# Introduction to AgenTools

## Why should I exist?
AgenTools aims to be what PyTorch Lightning is to PyTorch, but for LLM-based **assistants**, **copilots** and **agents**. Similar to how the training loop in deep learning essentially stays the same, AgenTools handles the boilerplate code and give you a both high-level and highly customizable interface.

On the other hand, AgenTools is explicitly **not trying to be another LangChain, LlamaIndex or Haystack**. We want to abstract only the boilerplate away, but data connections, long pipelines, many API connections, etc. are not the focus of AgenTools, in order to be as lightweight as possible.


## What can I do?
There are, broadly speaking, two types of customization you might want:
- **Assistant Implementation:** How each step of the "assistant loop" is implemented, and
- **Assistant Integration:** How your application then reacts to what the assistant does.

Often enough, the provided **assistant implementations** will be sufficient, and building an app around the assistant will be the main task. Therefore, let's first look at the latter:

### Assistant Integration

To allow maximum efficiency and flexibility, AgenTools centers around the concept of asynchronous **event generators**, which `yield` events that you can freely handle in your application:

In [1]:
from datetime import datetime
from agentools import *


@function_tool
async def get_date_time():
    return datetime.now().strftime("%Y-%m-%d %H:%M:%S")


ass = Assistant(tools=get_date_time)

async for event in ass.response_events("Hey, what time is it?"):
    match event:
        # ========== Normal Events ========== #
        case ResponseStartEvent():
            print(f"{event.prompt} -> {event.model}")

        case TextMessageEvent():
            print(f"[Assistant]: {event.content}")

        case ToolCallsEvent():
            for call in event.tool_calls:
                f = call.function
                print(f"[Assistant]: Calling {f.name}({f.arguments})...")

        case ToolResultEvent():
            print(f"[{event.tool_call.function.name}(...)]: {event.result}")

        # ========== Error Events ========== #
        case MaxTokensExceededEvent():
            print("[ERROR] Max token reached.")

Hey, what time is it? -> gpt-3.5-turbo
[Assistant]: Calling get_date_time({})...
[get_date_time(...)]: 2024-06-03 18:11:12
[Assistant]: The current time is 18:11:12 on June 3, 2024.


Replace the above `print`s with a frontend connection, and you have a simple chatbot.
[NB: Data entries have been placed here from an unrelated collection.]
fun three_term_seq ::
  "(nat \<Rightarrow> real) \<Rightarrow> (nat \<Rightarrow> real) \<Rightarrow> (nat \<Rightarrow> real) \<Rightarrow> real \<Rightarrow> real \<Rightarrow> nat \<Rightarrow> real"
where
  "three_term_seq A B mu x y 0 = x"
| "three_term_seq A B mu x y (Suc 0) = y"
| "three_term_seq A B mu x y (Suc (Suc n)) =
     (mu (Suc n) * three_term_seq A B mu x y (Suc n) - B n * three_term_seq A B mu x y n) / A (Suc n)"

lemma three_term_rec_three_term_seq:
  "\<forall>n. A n \<noteq> 0 \<Longrightarrow> three_term_rec A B mu (three_term_seq A B mu x y)"
  unfolding three_term_rec_def by simp

lemma three_term_rec_zero_pair:
  assumes rec: "three_term_rec A B mu c" and "\<forall>n. A n \<noteq> 0" "\<forall>n. B n \<noteq> 0"
    and "c k = 0" "c (Suc k) = 0"
  shows "c = (\<lambda>_. 0)"
proof -
  have "c k = 0 \<Longrightarrow> c (Suc k) = 0 \<Longrightarrow> c 0 = 0 \<and> c 1 = 0" for k
  proof (induction k)
    case (Suc k)
    then have "B k * c k = 0"
      using rec unfolding three_term_rec_def by (metis add.right_neutral mult_zero_right)
    with Suc \<open>\<forall>n. B n \<noteq> 0\<close> show ?case by simp
  qed simp
  with assms have "c 0 = 0" "c 1 = 0" by auto
  moreover have "three_term_rec A B mu (\<lambda>_. 0)"
    unfolding three_term_rec_def by simp
  ultimately show ?thesis
    using three_term_rec_eqI[OF rec] assms(2) by simp
qed

lemma three_term_rec_abs_le:
  assumes "three_term_rec A B mu c" "0 \<le> mu (Suc k)"
  shows "mu (Suc k) * \<bar>c (Suc k)\<bar> \<le> \<bar>B k\<bar> * \<bar>c k\<bar> + \<bar>A (Suc k)\<bar> * \<bar>c (Suc (Suc k))\<bar>"
proof -
  have "mu (Suc k) * \<bar>c (Suc k)\<bar> = \<bar>B k * c k + A (Suc k) * c (Suc (Suc k))\<bar>"
    using assms unfolding three_term_rec_def by (metis abs_mult abs_of_nonneg)
  also have "\<dots> \<le> \<bar>B k\<bar> * \<bar>c k\<bar> + \<bar>A (Suc k)\<bar> * \<bar>c (Suc (Suc k))\<bar>"
    by (metis abs_mult abs_triangle_ineq)
  finally show ?thesis .
qed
Use `yield`s to turn it into a generator inside a FastAPI endpoint, and your endpoint supports streaming response to the client. `match` any events that you need to listen to.

This is as concise and flexible as it gets!

### Assistant Implementation

While a simple LLM is as simple as *Prompt In -> Completion Out*, assistants with tools, and streaming support is much more complex to implement.

The following pseudocode shows the loop that every assistant follows, for a single prompt with tools support:

```python
def assistant_loop(history, prompt, tools):
    # add the prompt to the conversation history
    history.append(user=prompt)

    while True:
        # generate the completion
        completion = generate_completion(messages)

        # select the response message, if there are multiple choices
        response = completion.choices[0]
        history.append(assistant=message)

        # do something with the assistant's response
        handle_text_content(response.content)

        # (zero, one or more) tools called by the assistant
        for tool_call in response.tool_calls:
            tool_output = call_tool(tool_call, tools)
            history.append(tool=tool_output)
        
        # if no tool was called, the response is final
        if not response.tool_calls:
            break
```

This loop gets much bigger if streaming must also be handled. Here's what `generate_completion` from above could look like:

```python
def generate_completion(messages):
    # call the underlying LLM, e.g. through an API
    completion_stream = call_llm_api(messages)

    partial_completion = ... # gather the tokens here
    
    # the stream yields new tokens as they are generated by the LLM
    for delta_chunk in completion_stream:
        # accumulate the new chunks of tokens
        partial_completion.extend(delta_chunk)
        
        # select the response message, if there are multiple choices
        partial_response = partial_completion.choices[0]

        # do something with the assistant's partial response
        handle_partial_text_content(partial_response.content)

        # do something with the assistant's partial tool calls
        handle_partial_tool_calls(partial_response.tool_calls)
    
    # all tokens have been generated and gathered
    return partial_completion
```

And again, the `handle_partial_tool_calls` function could be quite complex, if you want to do something fancy with them in the frontend, such as displaying a preview of the tool's output from the partial completion.  
AgenTools also offers additional utilities to ease handling partial tool calls, e.g. a custom JSON parser that can deal with incomplete JSON objects, or preview functions that you can define for each tool.